lemma power_div_fact_le_exp:
  fixes x :: real
  assumes "0 \<le> x"
  shows "x ^ n / fact n \<le> exp x"
proof -
  have "(\<Sum>k\<in>{n}. x ^ k / fact k) \<le> (\<Sum>k. x ^ k / fact k)"
    using exp_converges[of x] assms
    by (intro sum_le_suminf) (auto simp: sums_iff divide_inverse mult.commute)
  also have "\<dots> = exp x"
    using exp_converges[of x] by (simp add: sums_iff divide_inverse mult.commute)
  finally show ?thesis by simp
qed

lemma binomial_le_exp_mult_power:
  assumes "0 < k"
  shows "real (n choose k) \<le> (exp 1 * real n / real k) ^ k"
proof -
  have "real (n choose k) * real k ^ k \<le> real (n choose k) * (exp (real k) * fact k)"
    using power_div_fact_le_exp[of "real k" k] by (intro mult_left_mono) (auto simp: divide_le_eq)
  also have "\<dots> = real ((n choose k) * fact k) * exp (real k)"
    by simp
  also have "\<dots> \<le> real (n ^ k) * exp (real k)"
    using binomial_fact_pow[of n k] by (intro mult_right_mono) (auto simp del: of_nat_mult)
  also have "\<dots> = (exp 1 * real n / real k) ^ k * real k ^ k"
    using assms by (simp add: power_divide power_mult_distrib flip: exp_of_nat_mult)
  finally show ?thesis
    by (rule mult_right_le_imp_le) (use assms in simp)
qed

lemma stirling_le_fact_mult_harm_power:
  assumes "1 \<le> m"
  shows "real (stirling (Suc n) (Suc m)) \<le> fact n * (exp 1 * harm n / real m) ^ m"
proof (cases "n = 0")
  case True
  then show ?thesis using assms by (simp add: harm_def)
next
  case False
  define t where "t = real m / harm n"
  have harm_pos: "0 < (harm n :: real)" using False by simp
  have t_pos: "0 < t" unfolding t_def using assms harm_pos by simp
  have "real (stirling (Suc n) (Suc m)) \<le> pochhammer (1 + t) n / t ^ m"
    by (rule stirling_le_pochhammer_div_power[OF t_pos])
  also have "\<dots> \<le> fact n * exp (t * harm n) / t ^ m"
    using t_pos by (intro divide_right_mono pochhammer_le_fact_mult_exp_harm) auto
  also have "\<dots> = fact n * (exp 1 * harm n / real m) ^ m"
    unfolding t_def using harm_pos assms
    by (simp add: exp_of_nat_mult[symmetric] power_divide power_mult_distrib field_simps)
  finally show ?thesis .
qed

lemma stirling_le_fact_mult_binomial_div_power:
  assumes "0 < s"
  shows "real (stirling (Suc n) (Suc m))
    \<le> fact n * (exp 1 * (real n + real s) / real s) ^ s / real s ^ m"
proof -
  have "real (stirling (Suc n) (Suc m)) \<le> pochhammer (1 + real s) n / real s ^ m"
    using assms by (intro stirling_le_pochhammer_div_power) auto
  also have "\<dots> = fact n * real ((n + s) choose s) / real s ^ m"
    by (simp add: pochhammer_one_plus_of_nat_eq_fact_mult_binomial)
  also have "\<dots> \<le> fact n * (exp 1 * (real n + real s) / real s) ^ s / real s ^ m"
    using binomial_le_exp_mult_power[OF assms, of "n + s"]
    by (intro divide_right_mono mult_left_mono) auto
  finally show ?thesis .
qed

lemma one_plus_le_exp_double:
  fixes x r L :: real
  assumes "x \<le> r * L" "1 \<le> r" "ln r \<le> L" "1 \<le> L"
  shows "1 + x \<le> exp (2 * L)"
proof -
  have "r = exp (ln r)"
    using assms(2) by simp
  also have "\<dots> \<le> exp L"
    using assms(3) by simp
  finally have "r \<le> exp L" .
  have "1 \<le> r * L"
    using mult_mono[of 1 r 1 L] assms by simp
  have "r * L \<le> exp L * exp (L - 1)"
    using \<open>r \<le> exp L\<close> exp_ge_add_one_self[of "L - 1"] assms(4) by (intro mult_mono) auto
  have "1 + x \<le> r * L + r * L"
    using \<open>1 \<le> r * L\<close> assms(1) by (rule add_mono)
  also have "\<dots> \<le> exp L * exp (L - 1) + exp L * exp (L - 1)"
    using \<open>r * L \<le> exp L * exp (L - 1)\<close> by (intro add_mono)
  also have "\<dots> = 2 * (exp L * exp (L - 1))"
    by simp
  also have "\<dots> \<le> exp 1 * (exp L * exp (L - 1))"
    using exp_ge_add_one_self[of 1] by (intro mult_right_mono) auto
  also have "\<dots> = exp (2 * L)"
    by (simp flip: exp_add)
  finally show ?thesis .
qed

----

• **Problem requirements**: Exactly the lines from the one with "exp (L - 1) +" through the last line of the listing above must make up your answer.

• **Answer space**:
  also have "\<dots> \<le> exp L * exp (L - 1) + exp L * exp (L - 1)"
    using \<open>r * L \<le> exp L * exp (L - 1)\<close> by (intro add_mono)
  also have "\<dots> = 2 * (exp L * exp (L - 1))"
    by simp
  also have "\<dots> \<le> exp 1 * (exp L * exp (L - 1))"
    using exp_ge_add_one_self[of 1] by (intro mult_right_mono) auto
  also have "\<dots> = exp (2 * L)"
    by (simp flip: exp_add)
  finally show ?thesis .
qed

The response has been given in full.